Jadi, lantaran apa Qur’an mengabadikan kisah para pembawa risalah itu
untuk kita yang hidup di hari ini, tidak lain adalah agar kita dapat melihat
kebenaran dengan utuh melalui rangkaian kisah tersebut. Dan agar dengan itu
menjadi teguh hatilah kita. Menjadi yakinlah kita akan konstruksi kebenaran
yang dimaksud oleh para pembawa risalah itu.

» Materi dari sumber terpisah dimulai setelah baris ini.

lemma normal_density_mult_eq_conditional:
  assumes "sX > 0" "sY > 0"
  defines "q \<equiv> sX\<^sup>2 + sY\<^sup>2"
  shows "normal_density 0 sX x * normal_density 0 sY (s - x)
           = normal_density 0 (sqrt q) s * normal_density (sX\<^sup>2 / q * s) (sX * sY / sqrt q) x"
proof -
  have q: "q > 0" "sX\<^sup>2 > 0" "sY\<^sup>2 > 0"
    using assms by (simp_all add: add_pos_pos)
  have sq: "(sqrt q)\<^sup>2 = q" "(sX * sY / sqrt q)\<^sup>2 = sX\<^sup>2 * sY\<^sup>2 / q"
    using q by (simp_all add: power_mult_distrib power_divide)
  have frac: "(N / q)\<^sup>2 / (2 * (P / q)) = N\<^sup>2 / (2 * q * P)" if "P > 0" for N P
    using q that by (simp add: power2_eq_square field_simps)
  have square: "q * (sY\<^sup>2 * x\<^sup>2 + sX\<^sup>2 * (s - x)\<^sup>2) = s\<^sup>2 * sX\<^sup>2 * sY\<^sup>2 + (q * x - sX\<^sup>2 * s)\<^sup>2"
    unfolding q_def by (simp add: power2_eq_square algebra_simps)
  have "- x\<^sup>2 / (2 * sX\<^sup>2) - (s - x)\<^sup>2 / (2 * sY\<^sup>2)
          = - (sY\<^sup>2 * x\<^sup>2 + sX\<^sup>2 * (s - x)\<^sup>2) / (2 * sX\<^sup>2 * sY\<^sup>2)"
    using q by (simp add: field_simps)
  also have "\<dots> = - (s\<^sup>2 * sX\<^sup>2 * sY\<^sup>2 + (q * x - sX\<^sup>2 * s)\<^sup>2) / (2 * q * sX\<^sup>2 * sY\<^sup>2)"
    unfolding square[symmetric] using q by (simp add: field_simps)
  also have "\<dots> = - (s\<^sup>2 * sX\<^sup>2 * sY\<^sup>2) / (2 * q * sX\<^sup>2 * sY\<^sup>2)
                      - (q * x - sX\<^sup>2 * s)\<^sup>2 / (2 * q * sX\<^sup>2 * sY\<^sup>2)"
    by (simp add: diff_divide_distrib)
  also have "(q * x - sX\<^sup>2 * s)\<^sup>2 / (2 * q * sX\<^sup>2 * sY\<^sup>2)
               = ((q * x - sX\<^sup>2 * s) / q)\<^sup>2 / (2 * (sX\<^sup>2 * sY\<^sup>2 / q))"
    using q frac[of "sX\<^sup>2 * sY\<^sup>2" "q * x - sX\<^sup>2 * s"] by (simp add: mult.assoc)
  also have "(q * x - sX\<^sup>2 * s) / q = x - sX\<^sup>2 / q * s"
    using q by (simp add: field_simps)
  also have "- (s\<^sup>2 * sX\<^sup>2 * sY\<^sup>2) / (2 * q * sX\<^sup>2 * sY\<^sup>2) = - s\<^sup>2 / (2 * q)"
    using q by (simp add: field_simps)
  finally have "- (x - 0)\<^sup>2 / (2 * sX\<^sup>2) + - (s - x - 0)\<^sup>2 / (2 * sY\<^sup>2)
      = - (s - 0)\<^sup>2 / (2 * (sqrt q)\<^sup>2) + - (x - sX\<^sup>2 / q * s)\<^sup>2 / (2 * (sX * sY / sqrt q)\<^sup>2)"
    unfolding sq by simp
  moreover have "sqrt (2 * pi * sX\<^sup>2) * sqrt (2 * pi * sY\<^sup>2)
      = sqrt (2 * pi * (sqrt q)\<^sup>2) * sqrt (2 * pi * (sX * sY / sqrt q)\<^sup>2)"
    unfolding sq using q by (simp add: real_sqrt_mult[symmetric] field_simps)
  ultimately show ?thesis
    unfolding normal_density_def by (simp add: exp_add[symmetric] field_simps)
qed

Setiap kisah para nabi yang Allah ceritakan kepada kita melalui Qur’an
seumpama kepingan-kepingan puzzle yang harus kita rangkai dan satukan agar kita
dapat melihat gambar kebenaran secara utuh dan menjadi teguh hati karenanya. Di
dalam setiap kisah para nabi itulah terkandung kebenaran, pelajaran dan
peringatan bagi orang-orang yang beriman.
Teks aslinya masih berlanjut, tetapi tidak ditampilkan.